Hence, combining these observations we find that $$ \Phi^c(x) \leq \frac{\phi(x)}{x} $$ or in other words, $$ \frac{1 - \Phi(x)}{\phi(x)} \leq \frac{1}{x} $$

Now, you could continue to apply integration by parts again on $\Phi^c(x)$ to obtain a lower bound. More specifically, we obtain $$ \Phi^c(x) = \phi(x) \left( \frac{1}{x} - \frac{1}{x^3} \right) + \int_{x}^{\infty} 3t^{-4} e^{-t^2/2}dt. $$ Again, the integral on the right hand side is positive and hence, $$ \phi(x) \left( \frac{1}{x} - \frac{1}{x^3} \right) \leq \Phi^c(x). $$ Combining both these inequalities we find that $\frac{1}{x} - o(x^{-1}) \leq \frac{\Phi^c(x)}{\phi(x)} \leq \frac{1}{x}$. In other words, $$ \frac{\Phi^c(x)}{\phi(x)} \approx \frac{1}{x} $$ in the asymptotic limit of $x$.

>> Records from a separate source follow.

section \<open>The cost of a configuration\<close>

lemma sum_off_diag_reindex:
  assumes "bij_betw f A B"
  shows "(\<Sum>(i, j)\<in>A \<times> A - Id. g (f i) (f j)) = (\<Sum>(p, q)\<in>B \<times> B - Id. g p q)"
proof -
  have f: "inj_on f A" "f ` A = B" using assms by (auto simp: bij_betw_def)
  have "bij_betw (map_prod f f) (A \<times> A - Id) (B \<times> B - Id)"
  proof (rule bij_betw_imageI)
    show "inj_on (map_prod f f) (A \<times> A - Id)"
      using map_prod_inj_on[OF f(1) f(1)] by (rule inj_on_subset) auto
    show "map_prod f f ` (A \<times> A - Id) = B \<times> B - Id"
    proof
      show "map_prod f f ` (A \<times> A - Id) \<subseteq> B \<times> B - Id" using f by (auto simp: inj_on_eq_iff)
      show "B \<times> B - Id \<subseteq> map_prod f f ` (A \<times> A - Id)"
      proof
        fix pq assume "pq \<in> B \<times> B - Id"
        then obtain p q where "pq = (p, q)" "p \<noteq> q" "p \<in> B" "q \<in> B" by auto
        moreover obtain i j where "i \<in> A" "j \<in> A" "p = f i" "q = f j"
          using f(2) \<open>p \<in> B\<close> \<open>q \<in> B\<close> by blast
        ultimately show "pq \<in> map_prod f f ` (A \<times> A - Id)" by force
      qed
    qed
  qed
  then show ?thesis by (simp add: sum.reindex_bij_betw[symmetric] case_prod_beta)
qed

lemma sum_off_diag_Un:
  fixes g :: "'a \<Rightarrow> 'a \<Rightarrow> 'b::comm_monoid_add"
  assumes "finite X" "finite Y" "X \<inter> Y = {}" "\<And>p q. p \<in> X \<Longrightarrow> q \<in> Y \<Longrightarrow> g q p = g p q"
  shows "(\<Sum>(p, q)\<in>(X \<union> Y) \<times> (X \<union> Y) - Id. g p q)
    = (\<Sum>(p, q)\<in>X \<times> X - Id. g p q) + (\<Sum>(p, q)\<in>Y \<times> Y - Id. g p q)
      + (\<Sum>q\<in>Y. \<Sum>p\<in>X. g p q) + (\<Sum>q\<in>Y. \<Sum>p\<in>X. g p q)"
proof -
  let ?g = "\<lambda>(p, q). g p q"
  have split: "(X \<union> Y) \<times> (X \<union> Y) - Id = ((X \<times> X - Id) \<union> (Y \<times> Y - Id)) \<union> (X \<times> Y \<union> Y \<times> X)"
    using assms(3) by auto
  have "sum ?g ((X \<union> Y) \<times> (X \<union> Y) - Id)
      = sum ?g ((X \<times> X - Id) \<union> (Y \<times> Y - Id)) + sum ?g (X \<times> Y \<union> Y \<times> X)"
    unfolding split using assms(1-3) by (intro sum.union_disjoint) auto
  also have "sum ?g ((X \<times> X - Id) \<union> (Y \<times> Y - Id)) = sum ?g (X \<times> X - Id) + sum ?g (Y \<times> Y - Id)"
    using assms(1-3) by (intro sum.union_disjoint) auto
  also have "sum ?g (X \<times> Y \<union> Y \<times> X) = sum ?g (X \<times> Y) + sum ?g (Y \<times> X)"
    using assms(1-3) by (intro sum.union_disjoint) auto
  also have "sum ?g (X \<times> Y) = (\<Sum>q\<in>Y. \<Sum>p\<in>X. g p q)"
    by (simp add: sum.cartesian_product[symmetric] sum.swap[of _ X])
  also have "sum ?g (Y \<times> X) = (\<Sum>q\<in>Y. \<Sum>p\<in>X. g p q)"
    unfolding sum.cartesian_product[symmetric] using assms(4) by (intro sum.cong) auto
  finally show ?thesis by (simp add: add.assoc)
qed

lemma cost_eq_sum_index_pairs:
  "cost w ys = (\<Sum>(i, j)\<in>{..<length ys} \<times> {..<length ys} - Id. w (ys ! i) (ys ! j))"
  unfolding cost_def by (intro sum.cong) auto

lemma cost_permute_list:
  assumes "p permutes {..<length ys}"
  shows "cost w (permute_list p ys) = cost w ys"
proof -
  have "cost w (permute_list p ys)
      = (\<Sum>(i, j)\<in>{..<length ys} \<times> {..<length ys} - Id. w (ys ! p i) (ys ! p j))"
    unfolding cost_eq_sum_index_pairs by (intro sum.cong) (auto simp: permute_list_nth assms)
  also have "\<dots> = cost w ys"
    unfolding cost_eq_sum_index_pairs by (rule sum_off_diag_reindex[OF permutes_imp_bij[OF assms]])
  finally show ?thesis .
qed

lemma cost_mset_eq: "mset ys = mset zs \<Longrightarrow> cost w ys = cost w zs"
  by (metis cost_permute_list mset_eq_permutation)

lemma cost_subvec_eq:
  "image_mset x (mset_set X) = image_mset x (mset_set Y) \<Longrightarrow> cost w (subvec x X) = cost w (subvec x Y)"
  by (intro cost_mset_eq) (simp add: subvec_def, metis mset_sorted_list_of_multiset sorted_list_of_mset_set)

It turns out that more applications of integration by parts leads to an alternating series which is enveloping. More details can be taken from the textbook by Christopher G Small, Expansions and asymptotics for statistics, Monographs on Statistics and Applied Probability 115. Boca Raton, FL: CRC Press, ISBN 978-1-58488-590-0/hbk; 978-1-4200-1102-9/ebook, pp. xiv+343 (2010), MR2681183, Zbl 1196.62002, which should be available online.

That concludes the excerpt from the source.